Monday, April 14, 2008

I placed my FATE and FAITH in God's hands.

For a long time, I've been thinking a lot about religion and what it means to me. See, I don't go to church every Sunday. I'm doing good to go once every three months. To a lot of people, this makes me a person who is not very religious. I would like to have a chance to explain how I feel about this.

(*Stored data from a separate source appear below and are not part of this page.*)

definition is_eps_lambda_nbhd :: "'a measure \<Rightarrow> ('e::ab_group_add \<Rightarrow> 'a \<Rightarrow> real) set \<Rightarrow> 'e \<Rightarrow> 'e set \<Rightarrow> bool" where
  "is_eps_lambda_nbhd M Ps x S \<longleftrightarrow> (\<exists>Q \<epsilon> lam.
      finite Q \<and> Q \<noteq> {} \<and> Q \<subseteq> Ps \<and> 0 < \<epsilon> \<and> 0 < lam \<and> lam < 1 \<and>
      eps_lambda_nbhd M Q x \<epsilon> lam \<subseteq> S)"

lemma is_eps_lambda_nbhd_mono:
  "is_eps_lambda_nbhd M Ps x S \<Longrightarrow> S \<subseteq> T \<Longrightarrow> is_eps_lambda_nbhd M Ps x T"
  unfolding is_eps_lambda_nbhd_def by (meson order_trans)

context
  fixes M :: "'a measure" and Ps :: "('e::ab_group_add \<Rightarrow> 'a \<Rightarrow> real) set"
  assumes finite: "finite_measure M"
    and measurable: "\<And>N x. N \<in> Ps \<Longrightarrow> N x \<in> borel_measurable M"
begin

lemma eps_lambda_nbhd_antimono:
  assumes "finite Q'" "Q \<subseteq> Q'" "Q \<noteq> {}" "Q' \<subseteq> Ps" "\<epsilon>' \<le> \<epsilon>" "lam' \<le> lam"
  shows "eps_lambda_nbhd M Q' x \<epsilon>' lam' \<subseteq> eps_lambda_nbhd M Q x \<epsilon> lam"
proof
  fix y assume y: "y \<in> eps_lambda_nbhd M Q' x \<epsilon>' lam'"
  have "finite Q" using assms finite_subset by blast
  then have le: "seminorm_max Q (y - x) \<omega> \<le> seminorm_max Q' (y - x) \<omega>" for \<omega>
    unfolding seminorm_max_def using assms by (intro Max_mono) auto
  have sub: "{\<omega> \<in> space M. seminorm_max Q' (y - x) \<omega> < \<epsilon>'}
      \<subseteq> {\<omega> \<in> space M. seminorm_max Q (y - x) \<omega> < \<epsilon>}"
    using le \<open>\<epsilon>' \<le> \<epsilon>\<close> by (smt (verit) mem_Collect_eq subsetI)
  have "seminorm_max Q (y - x) \<in> borel_measurable M"
    unfolding seminorm_max_def
    using \<open>finite Q\<close> assms measurable by (intro borel_measurable_Max) auto
  then have "{\<omega> \<in> space M. seminorm_max Q (y - x) \<omega> < \<epsilon>} \<in> sets M"
    by simp
  with sub have "measure M {\<omega> \<in> space M. seminorm_max Q' (y - x) \<omega> < \<epsilon>'}
      \<le> measure M {\<omega> \<in> space M. seminorm_max Q (y - x) \<omega> < \<epsilon>}"
    by (rule finite_measure.finite_measure_mono[OF finite])
  then show "y \<in> eps_lambda_nbhd M Q x \<epsilon> lam"
    using y \<open>lam' \<le> lam\<close> unfolding eps_lambda_nbhd_def by simp
qed
lemma is_min_rep_unique: assumes w: "is_min_rep w \<mu>" and v: "is_min_rep v \<mu>" shows "w = v"
proof -
  have wW: "w \<in> W" and vW: "v \<in> W" using w v by (auto simp: is_min_rep_def)
  obtain w' where w': "w' \<in> W" "\<And>x. w' (w x) = x" "\<And>x. w (w' x) = x"
    using inverse_in_gen_group[OF wW] by blast
  define u where "u = w' \<circ> v"
  have uW: "u \<in> W" unfolding u_def using comp_in_gen_group[OF w'(1) vW] .
  have "u \<omega> = \<omega>" using w v w'(2) by (simp add: u_def is_min_rep_def) metis
  then have uJ: "u \<in> gen_group J" using stabilizer_fund_weight uW by blast
  \<comment> \<open>If u \<noteq> id it makes some simple root negative; that root lies in J, and v = w u sends it
    to a negative root, contradicting minimality of v.\<close>
  have "u = id"
  proof (rule ccontr)
    assume "u \<noteq> id"
    then obtain a where a: "a \<in> Sm" "u a \<notin> P"
      using n_inversions_eq_0_imp_id[OF uW] simple_inversion_exists[OF uW] by blast
    have c: "coeff ai (u a) = coeff ai a"
      using coeff_gen_group_invariant[OF _ uJ, of ai] ai by auto
    have uaR: "u a \<in> R" using W_maps_R[OF uW simple_in_R[OF a(1)]] .
    show False
    proof (cases "a = ai")
      case True
      then show False using c pos_if_coeff_pos[OF uaR, of ai] a(2) coeff_simple[OF ai, of ai] by simp
    next
      case False
      then have "w (u a) \<notin> P" using is_min_rep_not_pos[OF w uaR a(2)] c a(1) by (simp add: coeff_simple)
      moreover have "w (u a) = v a" using w'(3) by (simp add: u_def)
      ultimately show False using v a(1) False by (simp add: is_min_rep_def)
    qed
  qed
  then show ?thesis by (metis comp_apply id_apply u_def w'(3) ext)
qed

definition min_rep :: "'a \<Rightarrow> ('a \<Rightarrow> 'a)" where "min_rep \<mu> = (THE w. is_min_rep w \<mu>)"

lemma min_rep_eqI: "is_min_rep w \<mu> \<Longrightarrow> min_rep \<mu> = w"
  unfolding min_rep_def using is_min_rep_unique by blast

lemma is_min_rep_min_rep: "\<mu> \<in> \<Lambda> \<Longrightarrow> is_min_rep (min_rep \<mu>) \<mu>"
  using is_min_rep_exists min_rep_eqI by metis

section \<open>The ideal of inversions\<close>

abbreviation Q where "Q \<equiv> coroot_class R Sm ai"

definition class_roots :: "'a set" where "class_roots = {\<beta>\<in>P. coeff ai \<beta> > 0}"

On all of these weekends that I do not go to church, I'm often traveling to Tuscaloosa, Auburn, or Talladega to see my friends. Maybe this sounds trivial, and maybe church should come first, but these people mean the world to me. Sometimes, this stress gets to me, and I get down. I'm not a depressing person, like one personsaid in a comment he/she left to me. I'm just normal, and normal people can't be happy all of the time. If they say that they are, chances are high that they're not telling you the truth. I worry about money, and how I need to find a job that will work around my schedule. Also, I want to still have time to spend with my boyfriend and my friends. I know, the job should come first, but I'm going to be honest and say that it doesn't. I would be miserable working a job that never allowed me to see the people that mean so much to me. This includes my parents, who I feel like I never get to spend time with due to conflicts in my schedule AND theirs. I'm stressed about school, because I've busted my tail to make good grades this semester and I hope that my final grades reflect the hard work I have put into this semester. For the first time in a long time, I am proud of myself. No, I'm not full of myself... not even close. This is where God comes in.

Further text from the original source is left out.